→ TASK TO COMPLETE
State the number of lines in the records underneath where the word "that" turns up, and say nothing else.
[DATA FOR PROCESSING Boundary: Start]
text \<open>The hypotheses on \<open>\<phi>1\<close> (regularity and compact support) serve, in the paper, to
  guarantee the existence of the classical wave solution \<open>v\<close>; once \<open>v\<close> is given, the
  properties of \<open>\<psi>\<close> follow from \<open>wave_solution \<phi>1 v\<close> alone.\<close>

theorem corollary2p6:
  fixes \<phi>1 :: "real^'n \<Rightarrow> real" and v :: "real^'n \<Rightarrow> real \<Rightarrow> real"
    and \<psi> :: "real^'n \<Rightarrow> real \<Rightarrow> real"
  assumes phi_reg: "Ck_on (CARD('n) div 2 + 2) UNIV \<phi>1"
    and phi_supp: "bounded {x. \<phi>1 x \<noteq> 0}"
    and v_sol: "wave_solution \<phi>1 v"
    and psi_def: "\<And>x t. t > 0 \<Longrightarrow>
       \<psi> x t = 3/2 * integral {0..1} (\<lambda>s. v x (3 * t powr (1/3) * s) * (1 - s^2))"
  shows "Ck_on 2 (UNIV \<times> {0<..}) (\<lambda>p. \<psi> (fst p) (snd p))
    \<and> (\<forall>x. \<forall>t>0. deriv (\<lambda>\<tau>. deriv (\<lambda>\<sigma>. \<psi> x \<sigma>) \<tau>) t
                 - t powr (-4/3) * laplacian (\<lambda>y. \<psi> y t) x
                 + 2 / t * deriv (\<lambda>\<sigma>. \<psi> x \<sigma>) t = 0)
    \<and> (\<forall>x. ((\<lambda>t. t * \<psi> x t) \<longlongrightarrow> 0) (at_right 0))
    \<and> (\<forall>x. ((\<lambda>t. t * deriv (\<lambda>\<sigma>. \<psi> x \<sigma>) t + \<psi> x t) \<longlongrightarrow> \<phi>1 x) (at_right 0))"
proof -
  define V where "V = (\<lambda>p. v (fst p) (snd p))"
  have V: "Ck_on 2 UNIV V" and initial: "\<And>x. V (x, 0) = \<phi>1 x"
    using v_sol by (simp_all add: wave_solution_def V_def)
  have rest: "Dd V (0,1) (x, 0) = 0" for x
    using deriv_in_time(2)[OF C1_D(1)[OF C2_D(1)[OF V]], of x 0] v_sol
    by (simp add: wave_solution_def V_def)
  have psi: "\<psi> x t = J mean_weight V (x, t)" if "t > 0" for x t
  proof -
    have "(\<lambda>s. mean_weight t s * V (window s (x, t)))
        = (\<lambda>s. 3/2 * (v x (3 * t powr (1/3) * s) * (1 - s^2)))"
      by (simp add: fun_eq_iff mean_weight_def V_def window_def)
    then show ?thesis by (simp add: J_def psi_def[OF that])
  qed
  have wave: "(\<lambda>q. \<Sum>i\<in>UNIV. Dd (Dd V (axis i 1, 0)) (axis i 1, 0) q) = Dd (Dd V (0,1)) (0,1)"
    using wave_solution_Dd[OF v_sol] by (simp add: V_def fun_eq_iff)
  have "deriv (\<lambda>\<tau>. deriv (\<lambda>\<sigma>. \<psi> x \<sigma>) \<tau>) t - t powr (-4/3) * laplacian (\<lambda>y. \<psi> y t) x
      + 2 / t * deriv (\<lambda>\<sigma>. \<psi> x \<sigma>) t = 0" if "t > 0" for x t
    using mean_radial_equation[OF V rest that]
    by (simp add: mean_dtt[OF V psi that] mean_laplacian[OF V psi that] wave
        mean_dt[OF C2_D(1)[OF V] psi that])
  then show ?thesis
    using mean_C2[OF V psi] mean_initial_limits[OF C2_D(1)[OF V] psi] by (simp add: initial)
qed

end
[DATA FOR PROCESSING Boundary: End]
→ YOUR RESPONSE
4